The synthesis of an iridium^III complex is usually accomplished through a two-step process: the
Nonoyama reaction that yields a chloride-bridged dinuclear iridium species [32] followed by the
substitution of the chlorides with an ancillary ligand (Scheme 4). The iridium^III dimers [(1)₂Ir-μ-Cl]₂
and [(2)₂Ir-μ-Cl]₂ were prepared by reacting 1 or 2 with IrCl₃, in a mixture water/2-methoxyethanol
1/3 (v/v) at 97 ºC. The compound [(1)(2)Ir-μ-Cl]₂ was prepared by using an equimolar mixture of 1
and 2, which afforded a mixture of dinuclear species difficult to separate and further reacted without
purification.
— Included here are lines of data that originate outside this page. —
(* Let $E:[0,\infty)\times\mathbb{R}^2\to\mathbb{R}^2$ and $b:[0,\infty)\times\mathbb{R}^2\to\mathbb{R}$ be continuous with $b$ nowhere vanishing, $B=b\,e_3$, and let $\gamma=1-1/\sqrt2$. Fix $\Delta t>0$, $T>0$, $t^n=n\Delta t$, $N_T=\lfloor T/\Delta t\rfloor$. For each $\varepsilon>0$ let $(x^n_\varepsilon,v^n_\varepsilon)_{0\le n\le N_T}$ be generated (dropping the index $\varepsilon$ inside stages) by: given $(x^n,v^n)$, $$x^{(1)}=x^n+\frac{\gamma\Delta t}{\varepsilon}v^{(1)},\quad v^{(1)}=v^n+\frac{\gamma\Delta t}{\varepsilon}F^{(1)},\quad F^{(1)}=\frac{v^{(1)}}{\varepsilon}\wedge B(t^n,x^n)+E(t^n,x^n);$$ with $\hat t^{(1)}=t^n+\frac{\Delta t}{2\gamma}$ and $\hat x^{(1)}=x^n+\frac{\Delta t}{2\gamma\varepsilon}v^{(1)}$, $$x^{(2)}=x^n+\frac{(1-\gamma)\Delta t}{\varepsilon}v^{(1)}+\frac{\gamma\Delta t}{\varepsilon}v^{(2)},\quad v^{(2)}=v^n+\frac{(1-\gamma)\Delta t}{\varepsilon}F^{(1)}+\frac{\gamma\Delta t}{\varepsilon}F^{(2)},$$ $$F^{(2)}=\frac{v^{(2)}}{\varepsilon}\wedge B(\hat t^{(1)},\hat x^{(1)})+E(\hat t^{(1)},\hat x^{(1)}),$$ and $x^{n+1}=x^{(2)}$, $v^{n+1}=v^{(2)}$. Assume that for every $1\le n\le N_T$ the family $(x^n_\varepsilon,\varepsilon v^n_\varepsilon)_{\varepsilon>0}$ is bounded uniformly in $\varepsilon$ and that $(x^0_\varepsilon,\varepsilon v^0_\varepsilon)\to(y^0,0)$ as $\varepsilon\to0$. Then for every $0\le n\le N_T$, $x^n_\varepsilon\to y^n$ as $\varepsilon\to0$, where $(y^n)$ starts from $y^0$ and satisfies $$U^n=U(t^n,y^n),\quad \hat y^{(1)}=y^n+\frac{\Delta t}{2\gamma}U^n,\quad U^{(1)}=U(\hat t^{(1)},\hat y^{(1)}),\quad y^{n+1}=y^n+(1-\gamma)\Delta t\,U^n+\gamma\Delta t\,U^{(1)}.$$
   Context: Vectors of $\mathbb{R}^2$ are identified with vectors $(w_1,w_2,0)$ of $\mathbb{R}^3$, $e_3=(0,0,1)$, and $\wedge$ is the cross product; thus for $w\in\mathbb{R}^2$ and $B=b\,e_3$, $w\wedge B=b\,(w_2,-w_1)\in\mathbb{R}^2$. The guiding-center drift is $U(t,x)=\dfrac{E(t,x)\wedge B(t,x)}{\|B(t,x)\|^2}$. *)

theory Defs
  imports "HOL-Analysis.Analysis"
begin

text \<open>Vectors of R^2 are modelled as pairs (w1, w2). The cross product
 w \<and> (b e3) = b (w2, -w1).\<close>
definition wedge :: "real \<times> real \<Rightarrow> real \<Rightarrow> real \<times> real" where
  "wedge w b = (b * snd w, - (b * fst w))"

definition gam :: real where
  "gam = 1 - 1 / sqrt 2"

definition drift ::
  "(real \<Rightarrow> real \<times> real \<Rightarrow> real \<times> real) \<Rightarrow> (real \<Rightarrow> real \<times> real \<Rightarrow> real)
     \<Rightarrow> real \<Rightarrow> real \<times> real \<Rightarrow> real \<times> real" where
  "drift E b t x = (1 / (b t x)^2) *\<^sub>R wedge (E t x) (b t x)"
(*
  The half-turn f fixes p0 + p1 and p2 + p3 and reverses p0 - p1 and p2 - p3, so R^4 is the
  orthogonal sum of the two planes spanned by these vectors, and the combinations v0 +- v1,
  v2 +- v3 of the outer normals lie in the same planes.  Rescaling inside the planes,
    q(2k), q(2k+1) = mu (p(2k) + p(2k+1)) / (2 cos(l_k/2)) +- nu (p(2k) - p(2k+1)) / (2 sin(l_k/2))
  with l_0 = l_A, l_1 = l_D, and the same for the normals with the half-angles of D and A,
  gives unit vectors whose inner products are the entries of G_s and G*_s.  The rescaled normals
  stay orthogonal to the opposite rescaled vertices because tan(l_A/2) tan(A/2) = tan(l_D/2) tan(D/2);
  this identity comes from computing the length of the normal combinations inside each plane
  by a 2x2 Gram determinant.
*)

lemma span_vertices_eq_UNIV:
  assumes "spherical_tetrahedron p"
  shows "span (p ` {0..<4}) = UNIV"
proof -
  have "independent (p ` {0..<4})" "card (p ` {0..<4}) = DIM(real^4)"
    using assms by (auto simp: spherical_tetrahedron_def card_image)
  then show ?thesis
    using card_ge_dim_independent[of "p ` {0..<4}" UNIV] by auto
qed

lemma vector_eq_if_inner_vertices_eq:
  assumes "spherical_tetrahedron p" "\<And>j. j < 4 \<Longrightarrow> x \<bullet> p j = y \<bullet> p j"
  shows "x = y"
proof -
  have "orthogonal (x - y) z" if "z \<in> span (p ` {0..<4})" for z
    using that by (rule orthogonal_to_span) (auto simp: orthogonal_def inner_diff_left assms(2))
  then have "orthogonal (x - y) (x - y)"
    using span_vertices_eq_UNIV[OF assms(1)] by auto
  then show ?thesis by (simp add: orthogonal_def)
qed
All the complexes were obtained by reacting the corresponding iridium dimer with a
bidentate pytl ligand (Scheme 4) under mild conditions, in a chloroform/methanol 3:1 (v/v) mixture at
45 °C. After 3 hours the formation on TLC of only one new spot was observed, characterized (in
contrast to the starting compound) by a bright luminescence under UV-Vis lamp at 366 nm. All the
complexes, except for [Ir(1)(2)(pytl-ada)]Cl, were purified by silica column chromatography or
preparative layer chromatography (PLC). In the case of [Ir(1)(2)(pytl-ada)]Cl, the non-selective
synthesis resulted in a mixture of different iridium species which could not be isolated by traditional
silica chromatography. We overcame this problem by using an HPLC apparatus equipped with a semi-
preparative reversed-phase column. The characterization was done by means of NMR spectroscopy
and high-resolution mass spectrometry. Compound [Ir(1)(2)(pytl-ada)]Cl is an example of
cyclometalated complex where three different ligands are present: 1, 2 and pytl-ada. It was synthesized
to investigate the possibility to prepare complexes with a higher degree of functionalization. To our
knowledge complexes with these structural characteristics have not been reported to date.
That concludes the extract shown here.